Cellini's lead attorney, Dan Webb, has said he will ask a federal judge on Monday to toss both convictions and try his client again after the Chicago Tribune reported Friday that a female juror pleaded guilty to crack-cocaine possession in 2000 and aggravated driving under the influence without a license in 2008. She did not disclose either on her juror questionnaire.

Jurors convicted the Springfield Republican on Nov. 1 of conspiring to extort the Oscar-winning producer of "Million Dollar Baby'' for a $1.5 million donation to former Gov. Rod Blagojevich's campaign fund. Cellini's trial was the last stemming from a decade-long investigation of the Democratic governor.

Former Assistant U.S. Atty. Patrick Collins was surprised that background checks of potential jurors weren't conducted, according to the Chicago Tribune. He was lead prosecutor in the 2006 corruption trial of former Gov. George Ryan when two jurors were dismissed during deliberations for failing to disclose arrest records. Both were taken off the jury and replaced by alternates. The jury later convicted the Republican.

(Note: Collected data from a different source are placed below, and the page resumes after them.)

lemma positivity_threshold:
  obtains \<tau> :: real where "0.0119688 < \<tau>" "\<tau> < 0.0119689"
    "\<And>t. t > 0 \<Longrightarrow> positivity_preserver t \<longleftrightarrow> \<tau> \<le> t"
proof -
  define r1 r2 :: real where "r1 = 10744545 / 10^7" and "r2 = 10744547 / 10^7"
  have "hankel_det_factor r1 < 0" "hankel_det_factor r2 > 0"
    by (simp_all add: r1_def r2_def hankel_det_factor_def power_divide)
  moreover have "continuous_on {r1..r2} hankel_det_factor"
    unfolding hankel_det_factor_def by (intro continuous_intros)
  ultimately obtain y0 where y0: "r1 \<le> y0" "y0 \<le> r2" "hankel_det_factor y0 = 0"
    using IVT'[of hankel_det_factor r1 0 r2] by (auto simp: r1_def r2_def)
  then have "r1 < y0" "y0 < r2"
    using \<open>hankel_det_factor r1 < 0\<close> \<open>hankel_det_factor r2 > 0\<close>
    by (auto simp: order.order_iff_strict)
  have "y0 > 1" using \<open>r1 < y0\<close> by (simp add: r1_def)
  define \<tau> where "\<tau> = ln y0 / 6"
  have exp_\<tau>: "exp (6 * \<tau>) = y0" using \<open>y0 > 1\<close> by (simp add: \<tau>_def)
  have "exp (6 * 0.0119688) < exp (6 * \<tau>)" "exp (6 * \<tau>) < exp (6 * 0.0119689)"
    using exp_lower_threshold_bound exp_upper_threshold_bound \<open>r1 < y0\<close> \<open>y0 < r2\<close>
    by (simp_all add: exp_\<tau> r1_def r2_def)
  then have "0.0119688 < \<tau>" "\<tau> < 0.0119689" by simp_all
  moreover have "positivity_preserver t \<longleftrightarrow> \<tau> \<le> t" if "t > 0" for t
  proof -
    have "y0 \<in> {1..}" "exp (6 * t) \<in> {1..}" using that \<open>y0 > 1\<close> by auto
    then have "hankel_det_factor (exp (6 * t)) \<ge> hankel_det_factor y0 \<longleftrightarrow> exp (6 * t) \<ge> y0"
      by (rule strict_mono_on_less_eq[OF hankel_det_factor_strict_mono])
    moreover have "exp (6 * t) \<ge> y0 \<longleftrightarrow> \<tau> \<le> t"
      by (simp flip: exp_\<tau>)
    ultimately show ?thesis
      by (simp add: positivity_preserver_iff_det_factor[OF that] y0(3))
  qed
  ultimately show thesis by (rule that)
qed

After that case federal judges were given the option of having background checks done on prospective jurors in high profile cases.

"What has to be frustrating for all parties is that this situation was preventable,'' Collins told the newspaper. "It's something the court system can and should fix.''

While background checks are common in Cook County criminal courtrooms, it's unclear how often they are performed in Chicago's federal courthouse.

The U.S. attorney's office said last week that convictions aren't an automatic disqualification for jurors.

But some experts thought the case was a good candidate for retrial.

"It's an embarrassment because they didn't catch it and they should have," longtime defense attorney Joseph Lopez told the newspaper. "If Cellini doesn't get a retrial, I don't know what case ever will. It's ridiculous that it happened again. The only thing you can do is throw the verdict in the trash can and start all over again."